A cost-benefit analysis examines a tiered approach to energy investments that can save schools significant money on annual operating expenses

By: Kate Mraw, LPA Director of K-12

The realities of funding school construction make it difficult for districts to weigh the short- and long-term benefits of moving their campuses to cleaner, healthier, more energy-efficient environments. Are energy-efficient strategies cost-prohibitive? The Sustainability & Applied Research team at LPA Design Studios recently worked with in-house designers and engineers, and partner Joeris General Contractors, to explore the cost-benefit analysis of energy-efficient schools.

Making the Case for Energy Efficiency 1
The LPA study shows how much energy performance can be gained with smart, passive design strategies.

For our case study, we chose a recently completed elementary school in Dallas, Texas — where increasingly severe weather and problems with the electrical grid have upset the status quo of cheap energy and light regulation. As school districts in every state struggle to stretch budgets amid historic political and economic uncertainty, the team looked for opportunities to save money through sustainable design.

Our goal was to understand what it would take to achieve energy independence. We want to be able to have a smart, informed conversation with our clients about up-front costs, return-on-investment and potential savings in annual operational costs.
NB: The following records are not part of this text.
(* Let $(M_1,f_1,g_1)$ be an $(m,n)$-hypermodule over a commutative Krasner $(m,n)$-hyperring $(R_1,f'_1,g'_1)$ and $(M_2,f_2,g_2)$ an $(m,n)$-hypermodule over a commutative Krasner $(m,n)$-hyperring $(R_2,f'_2,g'_2)$, both with scalar identity $1$, and consider the $(m,n)$-hypermodule $(M_1\times M_2,f_1\times f_2,g_1\times g_2)$ over $(R_1\times R_2,f'_1\times f'_2,g'_1\times g'_2)$. Let $\phi_1:\mathcal{SH}(M_1)\to\mathcal{SH}(M_1)\cup\{\varnothing\}$ and $\phi_2:\mathcal{SH}(M_2)\to\mathcal{SH}(M_2)\cup\{\varnothing\}$ be functions with $\phi_2(M_2)=M_2$. Then $Q_1\times M_2$ is an $n$-ary $\phi_1\times\phi_2$-classical prime subhypermodule of $M_1\times M_2$ if and only if $Q_1$ is an $n$-ary $\phi_1$-classical prime subhypermodule of $M_1$.
   Context: A commutative Krasner $(m,n)$-hyperring with scalar identity $1$ is a triple $(R,f',g')$ where $(R,f')$ is a canonical $m$-ary hypergroup with zero $0$, $(R,g')$ is a commutative $n$-ary semigroup, $g'$ is distributive over $f'$, $0$ is a zero element for $g'$, and $g'(x,1^{(n-1)})=x$. Notation: $x_i^j$ denotes $x_i,\dots,x_j$ and $x^{(k)}$ denotes $x$ repeated $k$ times. An $(m,n)$-hypermodule over $R$ is a triple $(M,f,g)$ with $(M,f)$ a canonical $m$-ary hypergroup with zero $0$ and $g:R^{n-1}\times M\to P^*(M)$ satisfying: $g(r_1^{n-1},f(x_1^m))=f(g(r_1^{n-1},x_1),\dots,g(r_1^{n-1},x_m))$; $g(r_1^{i-1},f'(s_1^m),r_{i+1}^{n-1},x)=f(g(r_1^{i-1},s_1,r_{i+1}^{n-1},x),\dots,g(r_1^{i-1},s_m,r_{i+1}^{n-1},x))$; $g(r_1^{i-1},g'(r_i^{i+n-1}),r_{i+n}^{2n-2},x)=g(r_1^{n-1},g(r_n^{2n-2},x))$; $g(r_1^{i-1},0,r_{i+1}^{n-1},x)=\{0\}$; moreover $g(1^{(n-1)},a)=\{a\}$. A subhypermodule is a nonempty $N\subseteq M$ with $(N,f)$ an $m$-ary subhypergroup and $g(R^{(n-1)},N)\subseteq N$; $\mathcal{SH}(M)$ is the set of subhypermodules. The product hyperring has componentwise operations, with identity $(1,1)$. On $M_1\times M_2$: $f_1\times f_2((a_1,b_1),\dots,(a_m,b_m))=\{(x_1,x_2):x_1\in f_1(a_1^m),x_2\in f_2(b_1^m)\}$ and $g_1\times g_2((r_1,s_1),\dots,(r_{n-1},s_{n-1}),(a,b))=\{(y_1,y_2):y_1\in g_1(r_1^{n-1},a),y_2\in g_2(s_1^{n-1},b)\}$. The function $\phi_1\times\phi_2$ is defined on product subhypermodules by $(\phi_1\times\phi_2)(K_1\times K_2)=\phi_1(K_1)\times\phi_2(K_2)$. Given a function $\phi$ on subhypermodules of an $(m,n)$-hypermodule with external operation $g$, a proper subhypermodule $Q$ is $n$-ary $\phi$-classical prime if $g(r_1^{n-1},a)\subseteq Q\setminus\phi(Q)$ implies $g(r_i,1^{(n-2)},a)\subseteq Q$ for some $1\le i\le n-1$ (for $M_1\times M_2$, $1$ is $(1,1)$). *)

theory Defs
  imports Main "HOL-Library.Multiset"
begin

(* Lists of length k encode k-tuples x_1^k. Hyperoperations return sets. *)

definition sing :: "'a \<Rightarrow> 'a set" where "sing x = {x}"

definition liftS :: "('a list \<Rightarrow> 'b set) \<Rightarrow> 'a set list \<Rightarrow> 'b set" where
  "liftS F As = \<Union> {F xs | xs. list_all2 (\<in>) xs As}"
(* L and M bound the maximum degree, Sz the number of edges.  The lower bound L keeps the maximum
   degree of every leaf at least 2, which is what makes the randomized failure bound 1/d^n small. *)
lemma edge_coloring_prob_good:
  fixes L M Sz :: real
  assumes "is_graph H" "L \<le> maxdeg H" "maxdeg H \<le> M" "2 \<le> halve_toward (-2) L h" "Sz \<le> card H"
  shows "1 - 2 ^ h / 2 powr \<tau> \<le> measure_pmf.prob (edge_coloring S R D \<tau> H h)
           (good_outcome H (M + 3 * 2 ^ h - 2)
              ((C + 1) * h * card H
               + leaf_cost (max C 0) \<tau> (halve_toward 2 M h) (halve_toward (-1) Sz h) * card H))"
  using assms
proof (induction h arbitrary: H L M Sz)
  case 0
  then have "2 \<le> maxdeg H" by simp
  from edge_coloring_0_prob_good[OF 0(1) this 0(3,5)] show ?case
    by (simp del: edge_coloring.simps add: add.commute)
next
  case (Suc h)
  obtain E1 E2 t0 where split: "S H = (E1, E2, t0)" by (metis prod_cases3)
  have spl: "degree_splitting H E1 E2 2"
    and sizes: "{card E1, card E2} = {card H div 2, (card H + 1) div 2}"
    and t0: "real t0 \<le> C * card H"
    using split_spec[OF Suc.prems(1)] split by auto
  have H: "H = E1 \<union> E2" "E1 \<inter> E2 = {}" using spl unfolding degree_splitting_def by auto
  then have card_H: "real (card H) = card E1 + card E2"
    using Suc.prems(1) unfolding is_graph_def by (simp add: card_Un_disjoint)
  define \<beta> where
    "\<beta> = leaf_cost (max C 0) \<tau> (halve_toward 2 M (Suc h)) (halve_toward (-1) Sz (Suc h))"
  have \<beta>_eq: "leaf_cost (max C 0) \<tau> (halve_toward 2 ((M + 2) / 2) h)
                  (halve_toward (-1) ((Sz - 1) / 2) h) = \<beta>"
    using halve_toward_Suc[of 2 M h] halve_toward_Suc[of "-1" Sz h] unfolding \<beta>_def by simp
  define P where "P = (M + 2) / 2 + 3 * 2 ^ h - 2"
  define T where "T E = (C + 1) * h * card E + \<beta> * card E" for E :: "'a set set"
  have half: "1 - 2 ^ h / 2 powr \<tau>
                \<le> measure_pmf.prob (edge_coloring S R D \<tau> E h) (good_outcome E P (T E))"
    if "degree_splitting H E E' 2" "card H div 2 \<le> card E" for E E'
    unfolding P_def T_def \<beta>_eq[symmetric]
  proof (rule Suc.IH)
    show "2 \<le> halve_toward (-2) ((L - 2) / 2) h"
      using Suc.prems(4) halve_toward_Suc[of "-2" L h] by simp
  qed (use degree_splitting_half_bounds[OF Suc.prems(1) that Suc.prems(2,3,5)] in auto)
  have "card H div 2 \<le> card E1" "card H div 2 \<le> card E2"
    using sizes by (auto simp: doubleton_eq_iff)
  note half1 = half[OF spl this(1)] and half2 = half[OF degree_splitting_commute[OF spl] this(2)]
  have "1 - 2 ^ Suc h / 2 powr \<tau> = (1 - 2 ^ h / 2 powr \<tau>) + (1 - 2 ^ h / 2 powr \<tau>) - 1" by simp
  also have "\<dots> \<le> measure_pmf.prob (edge_coloring S R D \<tau> E1 h) (good_outcome E1 P (T E1))
                 + measure_pmf.prob (edge_coloring S R D \<tau> E2 h) (good_outcome E2 P (T E2)) - 1"
    using half1 half2 by linarith
  also have "\<dots> \<le> measure_pmf.prob (edge_coloring S R D \<tau> H (Suc h))
      (good_outcome H (M + 3 * 2 ^ Suc h - 2) ((C + 1) * Suc h * card H + \<beta> * card H))"
    unfolding edge_coloring_Suc_eq[where S = S and H = H, OF split]
  proof (rule prob_map_pair_pmf_ge, clarify)
    fix \<phi>1 p1 t1 \<phi>2 p2 t2
    assume "(\<phi>1, p1, t1) \<in> good_outcome E1 P (T E1)" "(\<phi>2, p2, t2) \<in> good_outcome E2 P (T E2)"
    from good_outcome_Un[OF this, of "t0 + card H"]
    have "(\<lambda>e. if e \<in> E1 then \<phi>1 e else p1 + \<phi>2 e, p1 + p2, t0 + card H + t1 + t2)
            \<in> good_outcome H (M + 3 * 2 ^ Suc h - 2) (real (t0 + card H) + T E1 + T E2)"
      unfolding H(1)[symmetric] P_def by (simp add: algebra_simps)
    moreover have "real (t0 + card H) + T E1 + T E2 \<le> (C + 1) * Suc h * card H + \<beta> * card H"
      using t0 card_H unfolding T_def by (simp add: algebra_simps)
    ultimately show "(\<lambda>e. if e \<in> E1 then \<phi>1 e else p1 + \<phi>2 e, p1 + p2, t0 + card H + t1 + t2)
            \<in> good_outcome H (M + 3 * 2 ^ Suc h - 2) ((C + 1) * Suc h * card H + \<beta> * card H)"
      using good_outcome_mono[OF order_refl] by blast
  qed
  finally show ?case unfolding \<beta>_def .
qed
Making the Case for Energy Efficiency 2

Starting with a data-rich digital model of the school, the team studied three tiers of additional energy-efficiency investment and their associated costs and energy savings. Tier 1 studied only passive strategies—design elements like demand-control ventilation and increased roof insulation that reduce energy use with little to no added cost. Tier 2 looked at alternative HVAC systems — options for a variable refrigerant flow (VRF) system and heat pumps — to eliminate natural gas. The third-and-final tier provided multiple options for reaching net-zero energy use by adding on-site energy generation infrastructure.

The study shows just how much energy performance can be gained for free, simply with smart, passive design strategies; investing in modern, marginally more expensive HVAC tech; how quickly a net-zero energy school might pay for itself and start producing free energy.

The Results

The results illustrate the significant operational savings available from creating more-energy-efficient buildings. Starting with a passive-only approach, the estimated annual energy cost was $65,000. The optimized HVAC system cut that number by 40% at the up-front cost of $250,000.

Going a step further, adding PV on the roof would cost an additional $570,000 but would reduce the energy costs to less than $10,000 a year, an 85% savings. To eliminate the electricity bills altogether, the school would need a total cost premium investment of around $1 million. Each of these scenarios would result in a simple payback of 14 to 16 years — potentially much less if energy prices increase, as expected.

The numbers reveal a variety of ways to address energy efficiency, from reevaluating so-called ‘best practices’ to full energy independence. What’s clear is that a high-performing school building is not one-size-fits-all. The point is to give school districts what they need to make informed decisions with their budgets. The return might take 15 years, but over a life span of 50 to100 years, it adds up to a lot of free energy.